Cela faisait trente-deux ans que Didier faisait ce boulot. Avaler les kilomètres pour faire tourner l’économie et permettre au petit commerce de tourner, c’était ce qu’il avait fait depuis toujours. Ou en tout cas il aurait aimé le faire pour toujours.
Car le monde avait progressivement changé. Avec la mondialisation. Les délocalisations. Les plans sociaux dans les années quatre-vingt-dix, et puis les désillusions des années deux mille. Et puis les noiches et les roumains. Aujourd’hui il ne roulait quasiment plus que pour la grande distribution spécialisée, et la plupart de ses missions consistaient à livrer en France – sa douce France – des merdes produites en Chine et en Europe de l’Est.
Il bossait chez STEF depuis quelques années maintenant, et il s’en contentait. Ils le laissaient pénard, et ils ne rechignaient pas sur les indemnités de grands déplacements. Mais c’était tout. On touchait son chèque à la fin du mois, mais le côté famille et bande de potes d’antan n’existait plus vraiment.

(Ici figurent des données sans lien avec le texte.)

lemma arrow_setting_pref:
  assumes "card (UNIV :: 'p set) \<ge> 2" "ESF_SD B nab" "ESF_U B nab" "ESF_I B nab"
    and N: "society N"
  shows "arrow_setting N (\<lambda>j e. pref [j \<mapsto> e]) pref"
proof unfold_locales
  show "finite N" using N unfolding society_def by blast
  show "\<exists>x y z :: 'p set. x \<noteq> y \<and> y \<noteq> z \<and> x \<noteq> z"
    using three_interpretations[OF assms(1)] .
next
  fix j e
  show "totalp (pref [j \<mapsto> e])" "transp (pref [j \<mapsto> e])"
    by (rule pref_totalp[OF profile_singleton], rule pref_transp[OF profile_singleton])
next
  fix \<Phi> :: "'a \<rightharpoonup> 'e" assume "dom \<Phi> = N"
  with N have "profile \<Phi>" by (rule profile_if_dom_society)
  then show "totalp (pref \<Phi>)" "transp (pref \<Phi>)"
    by (rule pref_totalp, rule pref_transp)
next
  fix \<Phi> \<Psi> :: "'a \<rightharpoonup> 'e" and x y
  assume "dom \<Phi> = N" "dom \<Psi> = N"
    and "\<forall>j\<in>N. agree_on (pref [j \<mapsto> the (\<Phi> j)]) (pref [j \<mapsto> the (\<Psi> j)]) x y"
  then show "agree_on (pref \<Phi>) (pref \<Psi>) x y"
    using IIA_if_ESF_I[OF assms(4) profile_if_dom_society[OF N]] by simp
next
  fix \<Phi> :: "'a \<rightharpoonup> 'e" and x y
  assume "dom \<Phi> = N" "\<forall>j\<in>N. strict (pref [j \<mapsto> the (\<Phi> j)]) x y"
  then show "strict (pref \<Phi>) x y"
    using pareto_if_ESF_U_I[OF assms(3,4) profile_if_dom_society[OF N]] by simp
next
  fix x y z :: "'p set" and j :: 'a
  assume "x \<noteq> y" "y \<noteq> z" "x \<noteq> z"
  from ballots_if_ESF_SD[OF assms(2) this]
  show "\<exists>e. strict (pref [j \<mapsto> e]) x y \<and> strict (pref [j \<mapsto> e]) y z"
    "\<exists>e. pref [j \<mapsto> e] x y \<and> pref [j \<mapsto> e] y x \<and> strict (pref [j \<mapsto> e]) y z"
    "\<exists>e. strict (pref [j \<mapsto> e]) x y \<and> pref [j \<mapsto> e] y z \<and> pref [j \<mapsto> e] z y" .
qed

end

theorem corollary2:
  fixes B :: "'e \<Rightarrow> 'p::finite form"
    and nab :: "('a::wellorder \<rightharpoonup> 'e) \<Rightarrow> 'e \<Rightarrow> 'e"
  assumes "epistemic_space B"
    and "card (UNIV :: 'p set) \<ge> 2"
    and "ES_basic_fusion B nab"
    and "ESF_SD B nab"
    and "ESF_U B nab"
    and "ESF_I B nab"
  shows "ESF_D B nab"
proof -
  interpret ES_fusion B nab using assms(1,3) by unfold_locales
  have "\<exists>d\<in>N. \<forall>\<Phi> E. dom \<Phi> = N \<longrightarrow> B (nab \<Phi> E) \<turnstile> B (nab [d \<mapsto> the (\<Phi> d)] E)"
    if N: "society N" for N
  proof -
    interpret arrow_setting N "\<lambda>j e. pref [j \<mapsto> e]" pref
      by (rule arrow_setting_pref[OF assms(2,4-6) N])
    obtain d where d: "d \<in> N" "decisive {d}" using exists_dictator by blast
    have "B (nab \<Phi> E) \<turnstile> B (nab [d \<mapsto> the (\<Phi> d)] E)" if "dom \<Phi> = N" for \<Phi> E
      by (rule entails_if_dictator[OF profile_if_dom_society[OF N that] strict_if_dictator[OF d(2) that]])
    with d(1) show ?thesis by blast
  qed
  then show ?thesis unfolding ESF_D_def by blast
qed

end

Il lui restait ses copains de longue date, rencontrés autour d’un urinoir pour les uns, autour d’une salade de bienvenue à Courtepaille pour les autres. Johnny la Trompe était de ceux-là. Mais aussi Eddie, le petit jeune. Et puis Nanard, ou encore Marco. Toujours présents pour répondre aux appels de phares ; toujours dispos pour se boire quelques coups de rouge quand l’occasion se présentait ; toujours partants pour une petite partie de golo golo dans les buissons des aires d’autoroute quand la demande rencontrait l’offre.
Enfin, ça c’était surtout pour les copains. Car avec lui c’était différent. L’offre avait beau parfois – souvent – être alléchante, il s’était promis de garder son petit biscuit pour des relations non-tarifées. Johnny la Trompe pouvait lui donner tous les conseils du monde sur les putes – les spécificités selon l’âge, les avantages concurrentiels selon l’origine, les endroits où trouver telle ou telle variété – il n’en démordait pas. Son chibre ne paierait pas. Point final.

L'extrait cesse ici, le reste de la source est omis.